Graphisme technique (3)

Seront publiés ici des bouts de thèse, laquelle est disponible en fichiers séparés via WebOL ; ces extraits doivent en donner la substance, sans l’appareil de notes : « La Matière et l’Action : Le graphisme technique comme instrument de la coordination industrielle dans le domaine de la mécanique depuis trois siècles ».

La conclusion est souvent la première chose à attraper dans une oeuvre non-fictionnelle ; poursuivons ainsi.

& :
– Conclusion – 1. Comment naît la conception.
– Conclusion – 2. La nouveauté en question de la CAO.

 La pratique de la CAO impose-t-elle une rupture radicale ?
| Conclusion – 3. Nous n’avons pas parlé de coopération

La coopération n’est pas une notion que nous avons utilisée. D’une certaine manière, la coopération —le fait de faire ensemble— est plus vieille que la coordination, liée à la division du travail (pour coordonner, il faut deux entités qui se partagent une partie du travail). Telle est notre approche de la révolution industrielle : ce qui est en jeu, n’est pas l’apparition de la fabrication à grand volume (la construction navale n’en est pas une, par exemple) ni même la fabrication mécanisée (il existe des machines autrement plus vieilles : le moulin à vent, etc.) mais bien le fait que celui qui conçoit n’est plus celui qui fabrique. L’industrie, dans notre optique, n’apparaît pas à un moment précis mais, selon les domaines d’activité, lorsque que la fabrication ne se suffit plus à elle-même, lorsqu’il faut inventer des formes d’échanges, donc des objets intermédiaires. La coordination peut se définir, in fine, comme une mise en commun pour construire quelque chose (une conception, par exemple), à partir d’éléments épars (savoirs, instruments, acteurs). La coopération, elle, ne se réduit pas forcément à l’ajustement mutuel de Mintzberg : il s’agit plutôt d’une confrontation autour d’un objet, d’un projet commun ; ce que permet le graphisme technique.

En somme, la coordination explicitée, mise en avant, investie dans des instruments et immergée dans des modes d’organisations particuliers (groupes projets, par exemple), mise en forme dirons-nous au sens d’« investissement de forme » de Thévenot, ressemble à ce que Jeantet évoque sous le terme de coopération. Quoi qu’il en soit, la coopération est une forme de coordination : la coopération n’est pas nouvelle —c’est la différence majeure avec de Terssac et al.— mais elle est regardée autrement. Bien plus, aucun des éléments que nous tentons ici de décrire n’est nouveau : cependant leur combinaison, ainsi que la suprématie de certains d’entre eux (comme la gestion technique), le sont.

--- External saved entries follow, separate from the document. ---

text \<open>A local field: a Hausdorff topological field which is locally compact and
  non-discrete. (Second countability, which every local field enjoys, is imposed as a
  type class constraint in the statement.)\<close>
definition local_field :: "'k::{field,topological_space} itself \<Rightarrow> bool" where
  "local_field _ \<longleftrightarrow>
     continuous_on UNIV (\<lambda>p::'k \<times> 'k. fst p + snd p) \<and>
     continuous_on UNIV (\<lambda>p::'k \<times> 'k. fst p * snd p) \<and>
     continuous_on UNIV (\<lambda>x::'k. - x) \<and>
     continuous_on (- {0}) (\<lambda>x::'k. inverse x) \<and>
     (\<forall>x::'k. \<exists>U C. open U \<and> compact C \<and> x \<in> U \<and> U \<subseteq> C) \<and>
     (\<forall>x::'k. \<not> open {x})"

text \<open>Endomorphisms of E = K^n are n x n matrices acting by matrix-vector product.
  \<open>mat_conv_pow \<nu> n\<close> is the law of a product of n i.i.d. \<open>\<nu>\<close>-distributed matrices
  (the identity for n = 0).\<close>
primrec mat_conv_pow ::
  "('k::{field,topological_space} ^'n::finite^'n) measure \<Rightarrow> nat \<Rightarrow> ('k^'n^'n) measure" where
  "mat_conv_pow \<nu> 0 = return borel (mat 1)"
| "mat_conv_pow \<nu> (Suc n) = distr (mat_conv_pow \<nu> n \<Otimes>\<^sub>M \<nu>) borel (\<lambda>(g, h). g ** h)"
(* Let $X$ be a finite-dimensional (real or complex) CL-space with an absolute norm and let $m$ be a positive integer. If $y_1,\dots,y_m$ are extreme points of $B_X$ all of whose coordinates are nonnegative real numbers, then $\frac1m\sum_{j=1}^my_j\in\tilde\rho\,\mathcal{P}({}^mX)$; that is, there is a nonzero $Q\in\mathcal{P}({}^mX)$ which strongly attains its norm at $\frac1m\sum_{j=1}^my_j$.
   Context: $X$ is $\mathbb{F}^n$ ($\mathbb{F}=\mathbb{R}$ or $\mathbb{C}$) with a norm that is absolute: $\|(a_1,\dots,a_n)\|=\|(|a_1|,\dots,|a_n|)\|$ and $\|e_j\|=1$ for the canonical basis vectors. A Banach space is a CL-space if its unit ball is the absolutely convex hull of every maximal convex subset of its unit sphere; in finite dimensions, equivalently, $|x^*(x)|=1$ for every extreme point $x^*$ of $B_{X^*}$ and every extreme point $x$ of $B_X$. $\mathcal{P}({}^mX)$ is the space of $m$-homogeneous scalar polynomials on $X$ with norm $\|Q\|=\sup_{x\in B_X}|Q(x)|$. A nonzero $Q$ strongly attains its norm at $x\in B_X$ if for every sequence $\{x_n\}\subset B_X$ with $|Q(x_n)|\to\|Q\|$ there are a scalar $\lambda$ with $|\lambda|=1$ and a subsequence of $\{x_n\}$ converging to $\lambda x$; $\tilde\rho\,\mathcal{P}({}^mX)$ is the set of all points at which some nonzero element of $\mathcal{P}({}^mX)$ strongly attains its norm. *)

theory Defs
  imports "HOL-Analysis.Analysis"
begin

text \<open>The space X = F^n (F = real or complex) is modelled as 'a ^ 'n, equipped with an
  arbitrary norm N (a real-valued function satisfying the norm axioms).\<close>

definition is_norm_on :: "('a::real_normed_field ^ 'n::finite \<Rightarrow> real) \<Rightarrow> bool" where
  "is_norm_on N \<longleftrightarrow>
     (\<forall>x. 0 \<le> N x) \<and> (\<forall>x. N x = 0 \<longleftrightarrow> x = 0) \<and>
     (\<forall>c x. N (c *s x) = norm c * N x) \<and> (\<forall>x y. N (x + y) \<le> N x + N y)"
(* For any context $\Gamma$ and formula $A$, there is at most one focused derivation of the sequent $\Gamma\vdash A$.
   Context: Formulas are built from atoms ($p,q,\dots$) by a binary product: every formula is an atom or $A\bullet B$. A context is a finite (possibly empty) list of formulas; commas denote concatenation. A derivation is a finite rooted tree whose nodes are labelled by rule instances and whose edges are labelled by sequents $\Gamma\vdash A$. A context is irreducible if its leftmost formula is not a product (it is empty or begins with an atom). A focused derivation is a derivation with no undischarged premises using only the rules: ($\bullet L$): from $A,B,\Delta\vdash C$ infer $A\bullet B,\Delta\vdash C$; ($\bullet R^{foc}$): from $\Gamma\vdash A$ and $\Delta\vdash B$ infer $\Gamma,\Delta\vdash A\bullet B$, where $\Gamma$ is irreducible; and ($id^{atm}$): $p\vdash p$ for atoms $p$. *)

theory Defs
  imports Main
begin

datatype 'a fm = Atom 'a | Prod "'a fm" "'a fm"

type_synonym 'a ctx = "'a fm list"

definition irreducible_ctx :: "'a ctx \<Rightarrow> bool" where
  "irreducible_ctx G \<longleftrightarrow> G = [] \<or> (\<exists>p. hd G = Atom p)"

datatype rule_name = ProdL | ProdRfoc | IdAtm

text \<open>A derivation: a finite rooted tree whose nodes are labelled by a rule name and
the sequent concluded at that node (the label of the edge below the node);
the children are the subderivations of the premises, in order.\<close>
datatype 'a deriv = Node rule_name "'a ctx" "'a fm" "'a deriv list"

fun concl :: "'a deriv \<Rightarrow> 'a ctx \<times> 'a fm" where
  "concl (Node r G C ds) = (G, C)"

inductive focused :: "'a deriv \<Rightarrow> bool" where
  prodL: "\<lbrakk> focused d; concl d = (A # B # D, C) \<rbrakk>
          \<Longrightarrow> focused (Node ProdL (Prod A B # D) C [d])"
| prodRfoc: "\<lbrakk> focused d1; focused d2; concl d1 = (G, A); concl d2 = (D, B);
               irreducible_ctx G \<rbrakk>
          \<Longrightarrow> focused (Node ProdRfoc (G @ D) (Prod A B) [d1, d2])"
| idAtm: "focused (Node IdAtm [Atom p] (Atom p) [])"

end

theory Submission
  imports Defs
begin

text \<open>Every rule preserves the invariant that the atoms of the context, read left to right,
are the atoms of the succedent. Hence the conclusion of a derivation determines which rule
was applied last: a product at the head of the context forces \<open>\<bullet>L\<close>; otherwise the succedent
decides between \<open>\<bullet>R\<^sup>f\<^sup>o\<^sup>c\<close> and the axiom, and in the \<open>\<bullet>R\<^sup>f\<^sup>o\<^sup>c\<close> case the invariant for the left
premise fixes the split of the context.\<close>

fun leaves :: "'a fm \<Rightarrow> 'a list" where
  "leaves (Atom p) = [p]"
| "leaves (Prod A B) = leaves A @ leaves B"

lemma leaves_nonempty: "leaves A \<noteq> []"
  by (induction A) simp_all

lemma concat_map_leaves_eq_NilD: "concat (map leaves G) = [] \<Longrightarrow> G = []"
  using leaves_nonempty by (cases G) auto

lemma focused_leaves:
  "focused d \<Longrightarrow> concl d = (G, A) \<Longrightarrow> concat (map leaves G) = leaves A"
proof (induction d arbitrary: G A rule: focused.induct)
qed auto

lemma focused_ctx_nonempty:
  assumes "focused d" "concl d = (G, A)"
  shows "G \<noteq> []"
proof
  assume "G = []"
  with focused_leaves[OF assms] have "leaves A = []" by simp
  with leaves_nonempty show False ..
qed

lemma irreducible_ctx_append:
  "irreducible_ctx G \<Longrightarrow> G \<noteq> [] \<Longrightarrow> irreducible_ctx (G @ D)"
  by (cases G) (auto simp: irreducible_ctx_def)

lemma focused_ctx_prefix_unique:
  assumes "focused d" "concl d = (G, A)" "focused d'" "concl d' = (G', A)"
    and "G @ D = G' @ D'"
  shows "G = G'"
proof -
  have leaves_eq: "concat (map leaves G) = concat (map leaves G')"
    using focused_leaves assms(1-4) by metis
  from assms(5) obtain X where "G = G' @ X \<or> G' = G @ X"
    unfolding append_eq_append_conv2 by blast
  then show ?thesis
  proof
    assume G: "G = G' @ X"
    with leaves_eq have "concat (map leaves X) = []" by simp
    then have "X = []" by (rule concat_map_leaves_eq_NilD)
    with G show ?thesis by simp
  next
    assume G': "G' = G @ X"
    with leaves_eq have "concat (map leaves X) = []" by simp
    then have "X = []" by (rule concat_map_leaves_eq_NilD)
    with G' show ?thesis by simp
  qed
qed

lemma focused_ProdL_inv:
  assumes "focused d" "concl d = (Prod A B # D, C)"
  obtains d' where "d = Node ProdL (Prod A B # D) C [d']"
    and "focused d'" "concl d' = (A # B # D, C)"
  using assms(1)
proof cases
  case (prodL d' A' B' D' C')
  with assms(2) that show ?thesis by simp
next
  case (prodRfoc d1 d2 G A' D' B')
  have "G \<noteq> []"
    using prodRfoc(2,4) focused_ctx_nonempty by blast
  moreover have "G @ D' = Prod A B # D"
    using prodRfoc(1) assms(2) by simp
  ultimately have "hd G = Prod A B"
    by (metis hd_append2 list.sel(1))
  with \<open>G \<noteq> []\<close> prodRfoc(6) show ?thesis by (simp add: irreducible_ctx_def)
next
  case idAtm
  with assms(2) show ?thesis by simp
qed

lemma focused_ProdRfoc_inv:
  assumes "focused d" "concl d = (G, Prod A B)" "irreducible_ctx G"
  obtains d1 d2 G1 D1 where "d = Node ProdRfoc G (Prod A B) [d1, d2]" "G = G1 @ D1"
    and "focused d1" "concl d1 = (G1, A)" "focused d2" "concl d2 = (D1, B)"
  using assms(1)
proof cases
  case (prodL d' A' B' D C)
  with assms(2) have "G = Prod A' B' # D" by simp
  with assms(3) show ?thesis by (simp add: irreducible_ctx_def)
next
  case (prodRfoc d1 d2 G1 A' D1 B')
  from assms(2) prodRfoc(1) have "G = G1 @ D1" "A' = A" "B' = B" by simp_all
  with prodRfoc(1-5) that show ?thesis by blast
next
  case idAtm
  with assms(2) show ?thesis by simp
qed

lemma focused_IdAtm_inv:
  assumes "focused d" "concl d = (G, Atom p)" "irreducible_ctx G"
  shows "d = Node IdAtm [Atom p] (Atom p) []"
  using assms(1)
proof cases
  case (prodL d' A' B' D C)
  with assms(2) have "G = Prod A' B' # D" by simp
  with assms(3) show ?thesis by (simp add: irreducible_ctx_def)
next
  case (prodRfoc d1 d2 G' A' D' B')
  with assms(2) show ?thesis by simp
next
  case idAtm
  with assms(2) show ?thesis by simp
qed

theorem lemma1p18:
  fixes G :: "'a ctx" and A :: "'a fm" and d1 d2 :: "'a deriv"
  assumes "focused d1" and "concl d1 = (G, A)"
      and "focused d2" and "concl d2 = (G, A)"
  shows "d1 = d2"
  using assms
proof (induction d1 arbitrary: G A d2 rule: focused.induct)
  case (prodL d A1 B1 D C)
  from prodL.prems(1,3) have "concl d2 = (Prod A1 B1 # D, C)" by simp
  with prodL.prems(2) obtain d' where d2: "d2 = Node ProdL (Prod A1 B1 # D) C [d']"
    and d': "focused d'" "concl d' = (A1 # B1 # D, C)"
    by (rule focused_ProdL_inv)
  have "d = d'" using prodL.IH[OF prodL.hyps(2) d'] .
  with d2 show ?case by simp
next
  case (prodRfoc e1 e2 G1 A1 D1 B1)
  have "irreducible_ctx (G1 @ D1)"
    using prodRfoc.hyps(1,3,5) focused_ctx_nonempty irreducible_ctx_append by blast
  moreover have "concl d2 = (G1 @ D1, Prod A1 B1)"
    using prodRfoc.prems by simp
  ultimately obtain f1 f2 G2 D2
    where d2: "d2 = Node ProdRfoc (G1 @ D1) (Prod A1 B1) [f1, f2]" "G1 @ D1 = G2 @ D2"
      and f: "focused f1" "concl f1 = (G2, A1)" "focused f2" "concl f2 = (D2, B1)"
    using focused_ProdRfoc_inv[OF prodRfoc.prems(2)] by blast
  have "G1 = G2" "D1 = D2"
    using focused_ctx_prefix_unique[OF prodRfoc.hyps(1,3) f(1,2) d2(2)] d2(2) by auto
  with f have "e1 = f1" "e2 = f2"
    using prodRfoc.IH(1)[OF prodRfoc.hyps(3) f(1)] prodRfoc.IH(2)[OF prodRfoc.hyps(4) f(3)]
    by simp_all
  with d2 show ?case by simp
next
  case (idAtm p)
  from idAtm.prems(1) have "G = [Atom p]" "A = Atom p" by auto
  with idAtm.prems(3) have "concl d2 = ([Atom p], Atom p)" by simp
  with idAtm.prems(2) have "d2 = Node IdAtm [Atom p] (Atom p) []"
    by (rule focused_IdAtm_inv) (simp add: irreducible_ctx_def)
  then show ?case by simp
qed

end
lemma csubspace_imp_subspace: "csubspace S \<Longrightarrow> subspace S"
  by (simp add: csubspace_def subspace_def scaleR_scaleC)

lemma cinner_eq_0_if_inner_eq_0:
  assumes "csubspace H" "\<And>w. w \<in> H \<Longrightarrow> inner w v = 0" "w \<in> H"
  shows "cinner w v = 0"
proof -
  have "scaleC \<i> w \<in> H"
    using assms(1,3) by (simp add: csubspace_def)
  then have "Re (cinner (scaleC \<i> w) v) = 0"
    using assms(2) by (simp add: inner_eq_Re_cinner)
  then have "Im (cinner w v) = 0"
    by (simp add: cinner_scaleC_left)
  moreover have "Re (cinner w v) = 0"
    using assms(2,3) by (simp add: inner_eq_Re_cinner)
  ultimately show ?thesis by (simp add: complex_eq_iff)
qed

lemma proj_in_orthogonal:
  assumes "hilbert_subspace H"
  shows "proj H z \<in> H \<and> (\<forall>w\<in>H. cinner w (z - proj H z) = 0)"
proof -
  have H: "csubspace H" "closed H" "subspace H"
    using assms csubspace_imp_subspace by (auto simp: hilbert_subspace_def)
  then have "H \<noteq> {}"
    by (auto simp: csubspace_def)
  then obtain y where "y \<in> H" "\<And>w. w \<in> H \<Longrightarrow> dist z y \<le> dist z w"
    using closed_convex_nearest_point_exists[OF H(2) subspace_imp_convex[OF H(3)]] by blast
  then have y: "y \<in> H \<and> (\<forall>w\<in>H. cinner w (z - y) = 0)"
    using nearest_point_orthogonal[OF H(3)] cinner_eq_0_if_inner_eq_0[OF H(1)] by blast
  have unique: "y' = y" if y': "y' \<in> H \<and> (\<forall>w\<in>H. cinner w (z - y') = 0)" for y'
  proof -
    have "y' - y \<in> H"
      using subspace_diff[OF H(3)] y y' by blast
    have "cinner (y' - y) (y' - y) = cinner (y' - y) ((z - y) - (z - y'))"
      by simp
    also have "\<dots> = 0"
      using y y' \<open>y' - y \<in> H\<close> by (simp only: cinner_diff_right) simp
    finally have "cinner (y' - y) (y' - y) = 0" .
    then show ?thesis
      using inner_eq_Re_cinner[of "y' - y" "y' - y"] by simp
  qed
  show ?thesis
    unfolding proj_def by (rule theI[where a = y]) (use y unique in blast)+
qed

lemma cinner_proj_left: "hilbert_subspace H \<Longrightarrow> x \<in> H \<Longrightarrow> cinner x (proj H z) = cinner x z"
  using proj_in_orthogonal[of H z] by (simp add: cinner_diff_right)

lemma cinner_proj_right: "hilbert_subspace H \<Longrightarrow> x \<in> H \<Longrightarrow> cinner (proj H z) x = cinner z x"
  using cinner_proj_left by (metis cinner_cnj_commute)

lemma in_subspace_if_cinner_proj_eq:
  assumes "hilbert_subspace H" "cinner (proj H v) v = cinner v v"
  shows "v \<in> H"
proof -
  define p where "p = proj H v"
  have "p \<in> H" "cinner p (v - p) = 0"
    using proj_in_orthogonal[OF assms(1), of v] by (auto simp: p_def)
  then have "cinner p v = cinner p p"
    by (simp add: cinner_diff_right)
  have "inner (v - p) (v - p) = inner v v - 2 * inner p v + inner p p"
    by (simp add: inner_diff_left inner_diff_right inner_commute)
  also have "\<dots> = 0"
    using assms(2) \<open>cinner p v = cinner p p\<close> by (simp add: p_def inner_eq_Re_cinner)
  finally have "inner (v - p) (v - p) = 0" .
  then show ?thesis
    using \<open>p \<in> H\<close> by simp
qed

lemma Bphi_subset_if_dilates:
  assumes "dilates B Ht \<tau> H \<rho>" "hom_on B H \<rho>" "hilbert_subspace H"
  shows "Bphi B Ht \<tau> \<subseteq> Bphi B H \<rho>"
proof
  fix b assume "b \<in> Bphi B Ht \<tau>"
  then obtain c where b: "b \<in> B" and c: "c \<in> B" and adj: "is_adjoint Ht (\<tau> c) (\<tau> b)"
    by (auto simp: Bphi_def adjoints_def)
  have "H \<subseteq> Ht" and \<rho>: "\<And>a. a \<in> B \<Longrightarrow> \<rho> a = (\<lambda>x. if x \<in> H then proj H (\<tau> a x) else 0)"
    using assms(1) by (auto simp: dilates_def)
  have "is_adjoint H (\<rho> c) (\<rho> b)"
    unfolding is_adjoint_def
  proof (intro conjI ballI)
    show "\<rho> b \<in> bop H"
      using assms(2) b by (simp add: hom_on_def)
    fix x y assume "x \<in> H" "y \<in> H"
    have "cinner (\<rho> c x) y = cinner (\<tau> c x) y"
      using \<rho>[OF c] \<open>x \<in> H\<close> cinner_proj_right[OF assms(3) \<open>y \<in> H\<close>] by simp
    also have "\<dots> = cinner x (\<tau> b y)"
      using adj \<open>x \<in> H\<close> \<open>y \<in> H\<close> \<open>H \<subseteq> Ht\<close> by (auto simp: is_adjoint_def)
    also have "\<dots> = cinner x (\<rho> b y)"
      using \<rho>[OF b] \<open>y \<in> H\<close> cinner_proj_left[OF assms(3) \<open>x \<in> H\<close>] by simp
    finally show "cinner (\<rho> c x) y = cinner x (\<rho> b y)" .
  qed
  then show "b \<in> Bphi B H \<rho>"
    using b c by (auto simp: Bphi_def adjoints_def)
qed

lemma dilates_invariant_if_in_Bphi:
  assumes "op_algebra H0 B" "dilates B Ht \<tau> H \<rho>" "hom_on B Ht \<tau>" "hom_on B H \<rho>"
    "hilbert_subspace H" "b \<in> Bphi B Ht \<tau>" "x \<in> H"
  shows "\<tau> b x \<in> H"
proof -
  obtain c where b: "b \<in> B" and c: "c \<in> B" and adj: "is_adjoint Ht (\<tau> c) (\<tau> b)"
    using assms(6) by (auto simp: Bphi_def adjoints_def)
  have "H \<subseteq> Ht" and \<rho>: "\<And>a. a \<in> B \<Longrightarrow> \<rho> a = (\<lambda>x. if x \<in> H then proj H (\<tau> a x) else 0)"
    using assms(2) by (auto simp: dilates_def)
  define v where "v = \<tau> b x"
  define p where "p = proj H v"
  have "p \<in> H"
    using proj_in_orthogonal[OF assms(5)] by (simp add: p_def)
  have "v \<in> Ht"
    using assms(3,7) b \<open>H \<subseteq> Ht\<close> by (auto simp: v_def hom_on_def bop_def)
  have "c \<circ> b \<in> B" "\<tau> (c \<circ> b) = \<tau> c \<circ> \<tau> b" "\<rho> (c \<circ> b) = \<rho> c \<circ> \<rho> b"
    using assms(1,3,4) b c by (auto simp: op_algebra_def hom_on_def)
  then have "\<rho> (c \<circ> b) x = \<rho> c (\<rho> b x)"
    by simp
  then have "proj H (\<tau> c v) = proj H (\<tau> c p)"
    using \<rho>[OF \<open>c \<circ> b \<in> B\<close>] \<rho>[OF c] \<rho>[OF b] assms(7) \<open>p \<in> H\<close> \<open>\<tau> (c \<circ> b) = \<tau> c \<circ> \<tau> b\<close>
    by (simp add: v_def p_def)
  moreover have "cinner x (proj H (\<tau> c u)) = cnj (cinner u v)" if "u \<in> Ht" for u
  proof -
    have "cinner x (proj H (\<tau> c u)) = cnj (cinner (\<tau> c u) x)"
      using cinner_proj_left[OF assms(5,7)] cinner_cnj_commute by metis
    also have "\<dots> = cnj (cinner u v)"
      using adj that assms(7) \<open>H \<subseteq> Ht\<close> by (auto simp: is_adjoint_def v_def)
    finally show ?thesis .
  qed
  ultimately have "cnj (cinner v v) = cnj (cinner p v)"
    using \<open>v \<in> Ht\<close> \<open>p \<in> H\<close> \<open>H \<subseteq> Ht\<close> by (metis subsetD)
  then have "cinner p v = cinner v v"
    by simp
  then show ?thesis
    using in_subspace_if_cinner_proj_eq[OF assms(5)] by (simp add: v_def p_def)
qed

lemma maximal_in_dilates_invariant:
  assumes "op_algebra H0 B" "dilates B Ht \<tau> H \<rho>" "F \<subseteq> Phi H0 B"
    "maximal_in F B Ht \<tau>" "(H, \<rho>) \<in> F" "b \<in> Bphi B H \<rho>" "x \<in> H"
  shows "\<tau> b x \<in> H"
proof -
  have "(Ht, \<tau>) \<in> Phi H0 B" "(H, \<rho>) \<in> Phi H0 B"
    using assms(3-5) by (auto simp: maximal_in_def)
  then have hom: "hom_on B Ht \<tau>" "hom_on B H \<rho>" and "hilbert_subspace H"
    by (auto simp: Phi_def)
  have "Bphi B Ht \<tau> \<subseteq> Bphi B H \<rho>"
    using Bphi_subset_if_dilates[OF assms(2) hom(2) \<open>hilbert_subspace H\<close>] .
  moreover have "\<not> Bphi B Ht \<tau> \<subset> Bphi B H \<rho>"
    using assms(4,5) by (auto simp: maximal_in_def)
  ultimately have "b \<in> Bphi B Ht \<tau>"
    using assms(6) by blast
  then show ?thesis
    using dilates_invariant_if_in_Bphi[OF assms(1,2) hom \<open>hilbert_subspace H\<close> _ assms(7)] by blast
qed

Considérons Taylor, figure majeure d’une approche prescriptive dans laquelle il n’y a pas de place pour la coopération —inutile—. De nombreux études soulignent qu’il y a forcément des adaptations, des traductions locales : nous dirons, nous, que le système taylorien-fordien ne fonctionne pas parce qu’il évacue les questions de coopération, d’ajustements, mais parce que niées dans la théorie, elles réapparaissent dans la pénombre des pratiques.

Au final, nous serions prétentieux de répondre de manière définitive à la question liminaire : sommes-nous en train de changer de paradigme industriel ? A la place du terme « rationalisation de la conception », selon Sardas, nous avons préféré, dans la partie III, celui d’« explicitation de la coordination » pour deux raisons : la première est que nous préférons ne pas employer le terme de rationalité par simple analogie à « rationalisation de la fabrication » car, si nous suivons Piore, qu’il y a probablement un changement dans la nature même de rationalité ; la seconde est que notre objet n’est pas la conception, mais les relations incessantes entre la conception et la fabrication (i.e. la coordination industrielle, pour nous).